====== RECORDED INFORMATION ======

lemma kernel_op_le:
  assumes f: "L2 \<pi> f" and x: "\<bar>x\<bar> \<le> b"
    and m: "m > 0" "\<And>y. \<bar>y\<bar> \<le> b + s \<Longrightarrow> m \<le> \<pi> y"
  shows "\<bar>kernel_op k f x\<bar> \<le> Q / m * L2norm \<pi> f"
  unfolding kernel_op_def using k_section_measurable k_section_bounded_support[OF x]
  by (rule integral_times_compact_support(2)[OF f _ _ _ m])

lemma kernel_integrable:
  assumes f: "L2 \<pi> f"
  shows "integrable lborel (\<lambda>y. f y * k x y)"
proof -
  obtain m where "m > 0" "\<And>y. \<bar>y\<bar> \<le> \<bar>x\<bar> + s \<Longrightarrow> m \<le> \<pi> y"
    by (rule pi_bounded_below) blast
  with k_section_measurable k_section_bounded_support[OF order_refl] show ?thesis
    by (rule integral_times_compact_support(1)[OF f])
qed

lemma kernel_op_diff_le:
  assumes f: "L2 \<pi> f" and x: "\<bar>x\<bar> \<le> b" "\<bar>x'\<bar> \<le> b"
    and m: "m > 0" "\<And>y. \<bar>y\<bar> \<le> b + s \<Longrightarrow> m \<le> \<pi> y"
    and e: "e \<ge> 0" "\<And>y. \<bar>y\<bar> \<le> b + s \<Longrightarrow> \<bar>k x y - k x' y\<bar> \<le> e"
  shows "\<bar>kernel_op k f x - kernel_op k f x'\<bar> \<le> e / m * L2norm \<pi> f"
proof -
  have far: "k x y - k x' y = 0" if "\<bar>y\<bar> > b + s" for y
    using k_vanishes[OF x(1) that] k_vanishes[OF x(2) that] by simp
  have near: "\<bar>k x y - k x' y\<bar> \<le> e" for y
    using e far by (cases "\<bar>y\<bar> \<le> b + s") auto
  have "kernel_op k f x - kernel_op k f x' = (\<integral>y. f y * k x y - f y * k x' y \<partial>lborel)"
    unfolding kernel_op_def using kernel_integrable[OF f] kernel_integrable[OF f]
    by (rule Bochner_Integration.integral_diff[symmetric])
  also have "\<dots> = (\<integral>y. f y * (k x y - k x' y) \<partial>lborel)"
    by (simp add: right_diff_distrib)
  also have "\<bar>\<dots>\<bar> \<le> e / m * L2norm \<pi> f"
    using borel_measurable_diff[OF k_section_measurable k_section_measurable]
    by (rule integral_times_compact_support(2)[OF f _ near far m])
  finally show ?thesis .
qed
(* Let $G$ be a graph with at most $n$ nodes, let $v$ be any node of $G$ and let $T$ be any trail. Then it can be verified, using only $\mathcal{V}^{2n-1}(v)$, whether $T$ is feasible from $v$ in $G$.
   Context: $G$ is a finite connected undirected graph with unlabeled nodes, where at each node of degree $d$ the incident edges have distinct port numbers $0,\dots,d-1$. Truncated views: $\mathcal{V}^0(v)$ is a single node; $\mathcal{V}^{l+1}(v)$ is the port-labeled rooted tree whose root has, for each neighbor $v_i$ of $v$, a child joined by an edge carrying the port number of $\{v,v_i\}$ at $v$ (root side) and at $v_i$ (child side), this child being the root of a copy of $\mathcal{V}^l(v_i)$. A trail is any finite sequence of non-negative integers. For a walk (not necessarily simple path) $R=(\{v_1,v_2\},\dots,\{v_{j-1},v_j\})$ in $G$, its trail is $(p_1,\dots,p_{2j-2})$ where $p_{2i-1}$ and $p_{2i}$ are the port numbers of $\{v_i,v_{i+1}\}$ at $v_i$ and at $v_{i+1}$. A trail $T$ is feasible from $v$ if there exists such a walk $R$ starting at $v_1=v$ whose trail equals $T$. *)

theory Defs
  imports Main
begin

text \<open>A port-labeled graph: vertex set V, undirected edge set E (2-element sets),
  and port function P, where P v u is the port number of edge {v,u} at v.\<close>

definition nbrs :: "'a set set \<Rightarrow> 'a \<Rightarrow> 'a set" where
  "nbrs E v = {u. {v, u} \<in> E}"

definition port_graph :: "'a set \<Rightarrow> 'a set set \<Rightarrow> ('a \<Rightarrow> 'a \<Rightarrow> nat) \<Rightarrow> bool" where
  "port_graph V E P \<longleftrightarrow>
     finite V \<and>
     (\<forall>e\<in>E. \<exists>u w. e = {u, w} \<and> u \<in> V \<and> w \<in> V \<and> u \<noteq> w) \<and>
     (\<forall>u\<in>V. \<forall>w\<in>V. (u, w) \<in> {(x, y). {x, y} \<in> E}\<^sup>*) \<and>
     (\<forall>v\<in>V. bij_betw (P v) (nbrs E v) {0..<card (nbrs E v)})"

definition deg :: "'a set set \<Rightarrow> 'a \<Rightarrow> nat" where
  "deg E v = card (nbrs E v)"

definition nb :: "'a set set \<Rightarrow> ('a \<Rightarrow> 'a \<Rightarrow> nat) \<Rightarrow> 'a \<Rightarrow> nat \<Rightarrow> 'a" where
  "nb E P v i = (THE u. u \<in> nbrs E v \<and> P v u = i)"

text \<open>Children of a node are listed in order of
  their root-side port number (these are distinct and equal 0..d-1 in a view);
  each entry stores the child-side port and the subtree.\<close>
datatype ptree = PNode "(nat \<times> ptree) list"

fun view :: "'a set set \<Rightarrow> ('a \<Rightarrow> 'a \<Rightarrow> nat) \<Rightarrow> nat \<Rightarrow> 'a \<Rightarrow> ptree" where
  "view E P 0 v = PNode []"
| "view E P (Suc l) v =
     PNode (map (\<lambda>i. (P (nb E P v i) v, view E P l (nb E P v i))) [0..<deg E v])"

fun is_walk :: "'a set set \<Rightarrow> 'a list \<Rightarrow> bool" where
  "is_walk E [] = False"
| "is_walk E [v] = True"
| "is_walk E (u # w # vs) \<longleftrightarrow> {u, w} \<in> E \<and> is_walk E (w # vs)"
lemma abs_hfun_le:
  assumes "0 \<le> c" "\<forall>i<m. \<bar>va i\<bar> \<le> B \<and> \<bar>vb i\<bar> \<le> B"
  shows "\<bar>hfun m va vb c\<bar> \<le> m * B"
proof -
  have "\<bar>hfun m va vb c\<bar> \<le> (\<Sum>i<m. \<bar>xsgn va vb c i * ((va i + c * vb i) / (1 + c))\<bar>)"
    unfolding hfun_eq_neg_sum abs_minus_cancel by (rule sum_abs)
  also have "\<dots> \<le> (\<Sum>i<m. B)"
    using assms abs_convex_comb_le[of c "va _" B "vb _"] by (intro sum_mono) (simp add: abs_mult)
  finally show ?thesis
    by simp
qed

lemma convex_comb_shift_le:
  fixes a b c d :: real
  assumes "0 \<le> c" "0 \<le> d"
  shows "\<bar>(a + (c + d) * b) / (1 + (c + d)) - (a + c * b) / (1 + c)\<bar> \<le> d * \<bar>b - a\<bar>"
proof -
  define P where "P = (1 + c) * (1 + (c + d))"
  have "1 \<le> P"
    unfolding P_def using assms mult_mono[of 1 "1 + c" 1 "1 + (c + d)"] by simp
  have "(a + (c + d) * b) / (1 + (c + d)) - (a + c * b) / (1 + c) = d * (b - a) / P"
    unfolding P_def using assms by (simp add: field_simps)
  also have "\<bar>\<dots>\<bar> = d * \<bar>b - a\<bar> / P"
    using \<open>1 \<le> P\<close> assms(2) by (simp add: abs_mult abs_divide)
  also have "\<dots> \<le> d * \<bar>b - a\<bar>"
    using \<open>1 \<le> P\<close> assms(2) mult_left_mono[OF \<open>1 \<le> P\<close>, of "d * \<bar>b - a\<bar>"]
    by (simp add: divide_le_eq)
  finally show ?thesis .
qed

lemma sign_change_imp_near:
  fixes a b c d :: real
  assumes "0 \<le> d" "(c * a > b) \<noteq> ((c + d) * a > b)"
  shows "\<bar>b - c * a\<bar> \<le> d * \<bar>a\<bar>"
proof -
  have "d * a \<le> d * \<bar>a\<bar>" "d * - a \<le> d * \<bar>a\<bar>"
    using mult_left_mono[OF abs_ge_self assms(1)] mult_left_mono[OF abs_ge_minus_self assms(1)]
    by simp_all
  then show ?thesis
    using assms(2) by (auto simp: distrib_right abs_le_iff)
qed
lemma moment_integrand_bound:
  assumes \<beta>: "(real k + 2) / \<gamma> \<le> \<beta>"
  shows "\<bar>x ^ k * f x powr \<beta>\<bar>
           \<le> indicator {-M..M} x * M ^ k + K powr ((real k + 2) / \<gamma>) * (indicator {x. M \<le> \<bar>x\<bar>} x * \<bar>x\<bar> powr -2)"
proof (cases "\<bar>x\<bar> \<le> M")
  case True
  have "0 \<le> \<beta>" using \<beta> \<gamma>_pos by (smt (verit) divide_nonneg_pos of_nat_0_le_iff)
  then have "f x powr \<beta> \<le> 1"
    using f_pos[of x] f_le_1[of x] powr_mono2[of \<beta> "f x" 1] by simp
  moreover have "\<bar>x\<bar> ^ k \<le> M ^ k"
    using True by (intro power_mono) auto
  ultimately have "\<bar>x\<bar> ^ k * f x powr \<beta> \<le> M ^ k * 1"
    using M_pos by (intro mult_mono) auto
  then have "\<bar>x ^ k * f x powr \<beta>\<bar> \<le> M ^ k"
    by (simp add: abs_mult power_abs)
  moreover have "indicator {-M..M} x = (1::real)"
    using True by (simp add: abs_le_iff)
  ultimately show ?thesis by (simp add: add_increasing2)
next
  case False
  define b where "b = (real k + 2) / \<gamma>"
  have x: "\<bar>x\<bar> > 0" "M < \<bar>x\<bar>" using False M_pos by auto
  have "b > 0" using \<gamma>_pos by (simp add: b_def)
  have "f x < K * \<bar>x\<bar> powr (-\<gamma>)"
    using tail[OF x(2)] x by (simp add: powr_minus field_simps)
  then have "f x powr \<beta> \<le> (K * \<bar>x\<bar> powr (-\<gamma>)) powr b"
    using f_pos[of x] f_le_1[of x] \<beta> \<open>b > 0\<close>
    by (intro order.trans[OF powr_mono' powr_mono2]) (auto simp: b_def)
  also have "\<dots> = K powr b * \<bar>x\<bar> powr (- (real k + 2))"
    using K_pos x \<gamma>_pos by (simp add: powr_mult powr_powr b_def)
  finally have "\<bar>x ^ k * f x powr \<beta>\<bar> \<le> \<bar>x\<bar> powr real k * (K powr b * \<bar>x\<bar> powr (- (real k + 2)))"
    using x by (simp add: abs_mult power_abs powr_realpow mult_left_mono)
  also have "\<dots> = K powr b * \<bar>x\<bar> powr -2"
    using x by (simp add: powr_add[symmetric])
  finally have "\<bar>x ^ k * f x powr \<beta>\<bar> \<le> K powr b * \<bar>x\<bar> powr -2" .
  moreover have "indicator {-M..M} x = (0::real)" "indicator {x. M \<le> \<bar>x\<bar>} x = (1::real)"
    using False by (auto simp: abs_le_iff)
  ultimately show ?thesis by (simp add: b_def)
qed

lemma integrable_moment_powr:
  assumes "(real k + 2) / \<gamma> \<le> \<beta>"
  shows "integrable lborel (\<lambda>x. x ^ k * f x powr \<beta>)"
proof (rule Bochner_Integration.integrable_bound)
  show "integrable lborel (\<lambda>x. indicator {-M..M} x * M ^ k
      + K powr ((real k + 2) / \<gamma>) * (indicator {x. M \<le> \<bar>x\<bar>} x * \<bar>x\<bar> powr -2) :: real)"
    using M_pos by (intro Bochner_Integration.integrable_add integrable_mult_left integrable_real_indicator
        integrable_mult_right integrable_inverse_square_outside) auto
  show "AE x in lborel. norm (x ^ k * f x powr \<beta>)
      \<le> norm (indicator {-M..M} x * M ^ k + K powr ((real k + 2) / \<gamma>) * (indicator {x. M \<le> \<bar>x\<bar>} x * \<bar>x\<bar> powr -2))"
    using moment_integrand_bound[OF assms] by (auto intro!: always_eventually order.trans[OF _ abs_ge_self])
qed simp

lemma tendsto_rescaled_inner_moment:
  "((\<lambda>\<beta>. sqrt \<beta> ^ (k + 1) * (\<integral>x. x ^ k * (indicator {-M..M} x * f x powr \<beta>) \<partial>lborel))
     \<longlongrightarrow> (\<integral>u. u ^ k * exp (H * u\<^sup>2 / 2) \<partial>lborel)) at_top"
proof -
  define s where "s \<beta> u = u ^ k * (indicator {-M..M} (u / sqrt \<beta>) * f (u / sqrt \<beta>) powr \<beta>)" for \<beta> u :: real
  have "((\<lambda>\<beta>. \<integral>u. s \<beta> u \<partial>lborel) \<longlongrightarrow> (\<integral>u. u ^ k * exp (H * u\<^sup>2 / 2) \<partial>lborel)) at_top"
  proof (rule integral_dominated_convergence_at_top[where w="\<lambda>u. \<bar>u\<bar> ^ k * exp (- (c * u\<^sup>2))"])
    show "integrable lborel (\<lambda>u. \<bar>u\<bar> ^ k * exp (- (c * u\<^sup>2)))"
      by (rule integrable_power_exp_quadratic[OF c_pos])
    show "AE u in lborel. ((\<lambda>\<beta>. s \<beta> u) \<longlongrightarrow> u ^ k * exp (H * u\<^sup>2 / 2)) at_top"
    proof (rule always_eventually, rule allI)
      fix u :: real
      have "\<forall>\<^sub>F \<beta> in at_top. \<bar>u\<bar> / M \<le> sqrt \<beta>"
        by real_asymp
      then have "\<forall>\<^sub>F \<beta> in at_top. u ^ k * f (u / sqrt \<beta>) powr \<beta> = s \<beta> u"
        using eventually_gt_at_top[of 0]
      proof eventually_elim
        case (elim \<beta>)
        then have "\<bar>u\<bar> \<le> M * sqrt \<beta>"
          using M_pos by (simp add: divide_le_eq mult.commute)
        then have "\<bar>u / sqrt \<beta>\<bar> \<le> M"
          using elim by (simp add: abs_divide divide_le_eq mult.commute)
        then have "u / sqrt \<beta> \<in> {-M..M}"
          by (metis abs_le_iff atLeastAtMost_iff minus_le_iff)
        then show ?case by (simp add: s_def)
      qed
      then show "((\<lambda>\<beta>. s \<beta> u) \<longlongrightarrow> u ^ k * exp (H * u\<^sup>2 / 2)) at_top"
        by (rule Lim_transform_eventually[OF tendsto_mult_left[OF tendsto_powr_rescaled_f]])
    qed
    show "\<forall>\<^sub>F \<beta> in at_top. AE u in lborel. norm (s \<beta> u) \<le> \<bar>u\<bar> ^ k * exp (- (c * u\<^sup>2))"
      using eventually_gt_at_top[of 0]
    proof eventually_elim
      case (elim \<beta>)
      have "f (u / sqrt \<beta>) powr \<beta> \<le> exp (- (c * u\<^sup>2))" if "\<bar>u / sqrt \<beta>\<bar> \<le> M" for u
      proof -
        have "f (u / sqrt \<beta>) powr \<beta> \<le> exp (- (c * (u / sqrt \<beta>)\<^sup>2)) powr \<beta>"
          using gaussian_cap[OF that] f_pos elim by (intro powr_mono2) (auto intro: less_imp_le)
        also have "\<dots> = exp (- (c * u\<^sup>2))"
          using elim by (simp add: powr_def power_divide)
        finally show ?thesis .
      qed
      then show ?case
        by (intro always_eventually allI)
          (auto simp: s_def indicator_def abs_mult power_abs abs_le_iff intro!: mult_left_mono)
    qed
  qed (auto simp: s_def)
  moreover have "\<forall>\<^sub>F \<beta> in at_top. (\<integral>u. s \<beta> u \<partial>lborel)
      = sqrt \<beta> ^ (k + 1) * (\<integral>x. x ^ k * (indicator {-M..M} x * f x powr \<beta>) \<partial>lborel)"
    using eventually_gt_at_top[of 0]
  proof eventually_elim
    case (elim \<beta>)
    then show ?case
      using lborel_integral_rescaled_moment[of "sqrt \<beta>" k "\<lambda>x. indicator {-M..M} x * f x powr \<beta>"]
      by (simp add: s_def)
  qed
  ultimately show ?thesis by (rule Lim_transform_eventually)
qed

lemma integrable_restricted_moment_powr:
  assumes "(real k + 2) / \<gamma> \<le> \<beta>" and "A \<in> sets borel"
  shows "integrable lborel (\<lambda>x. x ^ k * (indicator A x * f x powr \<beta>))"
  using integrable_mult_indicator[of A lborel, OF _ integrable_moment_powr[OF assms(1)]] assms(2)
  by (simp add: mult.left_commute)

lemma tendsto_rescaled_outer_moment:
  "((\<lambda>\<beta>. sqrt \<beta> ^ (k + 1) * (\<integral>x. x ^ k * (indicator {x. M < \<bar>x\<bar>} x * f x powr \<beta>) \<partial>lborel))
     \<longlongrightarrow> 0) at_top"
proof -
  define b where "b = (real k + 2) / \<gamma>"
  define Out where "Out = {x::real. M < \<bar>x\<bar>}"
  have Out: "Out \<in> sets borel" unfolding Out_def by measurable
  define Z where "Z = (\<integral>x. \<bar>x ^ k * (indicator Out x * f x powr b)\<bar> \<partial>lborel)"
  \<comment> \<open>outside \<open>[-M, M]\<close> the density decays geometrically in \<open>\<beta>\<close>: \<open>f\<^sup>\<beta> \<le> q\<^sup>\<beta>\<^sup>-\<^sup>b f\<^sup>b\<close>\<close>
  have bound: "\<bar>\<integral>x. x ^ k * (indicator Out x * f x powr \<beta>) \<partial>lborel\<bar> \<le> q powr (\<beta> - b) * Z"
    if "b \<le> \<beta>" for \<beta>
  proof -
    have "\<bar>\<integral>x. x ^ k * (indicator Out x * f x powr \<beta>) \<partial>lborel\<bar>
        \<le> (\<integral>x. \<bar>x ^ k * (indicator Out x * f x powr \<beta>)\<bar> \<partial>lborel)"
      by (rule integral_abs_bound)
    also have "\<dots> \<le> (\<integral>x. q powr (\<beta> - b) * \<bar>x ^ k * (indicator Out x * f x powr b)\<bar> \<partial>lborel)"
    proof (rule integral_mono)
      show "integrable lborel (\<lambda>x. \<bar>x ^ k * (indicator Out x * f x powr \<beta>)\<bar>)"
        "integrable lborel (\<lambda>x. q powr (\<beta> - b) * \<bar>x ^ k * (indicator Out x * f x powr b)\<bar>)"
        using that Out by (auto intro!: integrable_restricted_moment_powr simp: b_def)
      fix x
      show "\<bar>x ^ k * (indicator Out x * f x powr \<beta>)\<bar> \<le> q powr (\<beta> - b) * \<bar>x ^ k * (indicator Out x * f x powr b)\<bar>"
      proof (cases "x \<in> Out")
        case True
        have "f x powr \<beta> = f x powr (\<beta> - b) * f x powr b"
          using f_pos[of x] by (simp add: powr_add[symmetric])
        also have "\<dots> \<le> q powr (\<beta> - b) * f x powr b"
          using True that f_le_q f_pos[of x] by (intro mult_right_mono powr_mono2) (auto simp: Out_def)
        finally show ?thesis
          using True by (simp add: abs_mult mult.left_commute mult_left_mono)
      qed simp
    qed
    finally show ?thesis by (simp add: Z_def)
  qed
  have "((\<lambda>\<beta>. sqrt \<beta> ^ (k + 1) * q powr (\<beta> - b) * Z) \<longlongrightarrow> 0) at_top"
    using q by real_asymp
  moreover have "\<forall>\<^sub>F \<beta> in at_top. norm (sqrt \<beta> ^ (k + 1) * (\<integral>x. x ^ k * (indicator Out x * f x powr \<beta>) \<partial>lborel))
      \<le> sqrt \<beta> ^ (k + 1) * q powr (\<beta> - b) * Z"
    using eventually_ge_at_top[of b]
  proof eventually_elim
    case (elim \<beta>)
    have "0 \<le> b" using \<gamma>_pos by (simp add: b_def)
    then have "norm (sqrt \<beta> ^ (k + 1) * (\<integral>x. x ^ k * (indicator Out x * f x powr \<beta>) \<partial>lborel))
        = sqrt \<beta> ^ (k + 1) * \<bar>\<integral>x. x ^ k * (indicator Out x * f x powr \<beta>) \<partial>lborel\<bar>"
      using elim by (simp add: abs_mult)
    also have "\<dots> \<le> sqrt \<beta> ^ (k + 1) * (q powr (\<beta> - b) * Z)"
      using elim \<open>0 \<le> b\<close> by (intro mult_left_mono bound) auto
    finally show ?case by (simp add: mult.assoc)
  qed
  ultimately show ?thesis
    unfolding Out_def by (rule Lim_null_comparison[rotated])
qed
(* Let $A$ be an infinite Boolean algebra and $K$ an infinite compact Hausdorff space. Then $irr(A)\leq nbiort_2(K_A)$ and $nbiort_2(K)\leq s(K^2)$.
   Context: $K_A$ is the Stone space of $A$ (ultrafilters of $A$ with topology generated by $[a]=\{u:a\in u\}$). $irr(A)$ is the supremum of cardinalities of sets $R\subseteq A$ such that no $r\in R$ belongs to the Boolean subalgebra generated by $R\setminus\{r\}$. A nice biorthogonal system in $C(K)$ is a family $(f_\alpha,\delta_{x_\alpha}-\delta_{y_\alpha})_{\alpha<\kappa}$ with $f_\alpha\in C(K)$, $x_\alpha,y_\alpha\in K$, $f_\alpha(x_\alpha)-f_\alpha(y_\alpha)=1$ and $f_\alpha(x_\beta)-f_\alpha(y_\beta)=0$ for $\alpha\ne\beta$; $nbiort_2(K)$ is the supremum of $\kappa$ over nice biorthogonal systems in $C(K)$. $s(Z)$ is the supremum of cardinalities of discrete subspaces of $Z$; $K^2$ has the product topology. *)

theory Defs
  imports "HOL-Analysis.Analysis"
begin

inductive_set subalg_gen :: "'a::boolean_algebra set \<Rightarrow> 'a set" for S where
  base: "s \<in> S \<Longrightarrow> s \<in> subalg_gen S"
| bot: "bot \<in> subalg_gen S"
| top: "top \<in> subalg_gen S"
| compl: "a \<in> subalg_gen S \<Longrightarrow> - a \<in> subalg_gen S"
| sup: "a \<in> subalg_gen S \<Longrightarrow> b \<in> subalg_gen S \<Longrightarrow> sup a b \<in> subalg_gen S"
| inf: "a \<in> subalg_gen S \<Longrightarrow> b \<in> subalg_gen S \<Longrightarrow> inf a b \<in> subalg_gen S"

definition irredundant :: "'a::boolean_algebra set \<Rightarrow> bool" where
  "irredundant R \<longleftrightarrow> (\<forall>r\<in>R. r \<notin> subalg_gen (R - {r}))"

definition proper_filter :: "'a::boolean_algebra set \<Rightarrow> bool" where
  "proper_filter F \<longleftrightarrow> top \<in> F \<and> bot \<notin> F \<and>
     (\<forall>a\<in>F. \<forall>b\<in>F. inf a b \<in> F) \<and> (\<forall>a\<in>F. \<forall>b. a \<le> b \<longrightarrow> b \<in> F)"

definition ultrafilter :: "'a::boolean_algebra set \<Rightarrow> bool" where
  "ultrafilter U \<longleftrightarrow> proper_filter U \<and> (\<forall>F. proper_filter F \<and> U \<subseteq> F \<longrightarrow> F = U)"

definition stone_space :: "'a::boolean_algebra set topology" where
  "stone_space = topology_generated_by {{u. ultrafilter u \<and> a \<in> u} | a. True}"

======

### PROBLEM STATEMENT:
Transcribe the lines above between the line holding "proof (rule Bochner_Integration.integrable_bound)" and the line holding "(x ^ k * f x powr \<beta>)", inclusive, exactly as they stand and with nothing added.

### ANSWER BOX:
proof (rule Bochner_Integration.integrable_bound)
  show "integrable lborel (\<lambda>x. indicator {-M..M} x * M ^ k
      + K powr ((real k + 2) / \<gamma>) * (indicator {x. M \<le> \<bar>x\<bar>} x * \<bar>x\<bar> powr -2) :: real)"
    using M_pos by (intro Bochner_Integration.integrable_add integrable_mult_left integrable_real_indicator
        integrable_mult_right integrable_inverse_square_outside) auto
  show "AE x in lborel. norm (x ^ k * f x powr \<beta>)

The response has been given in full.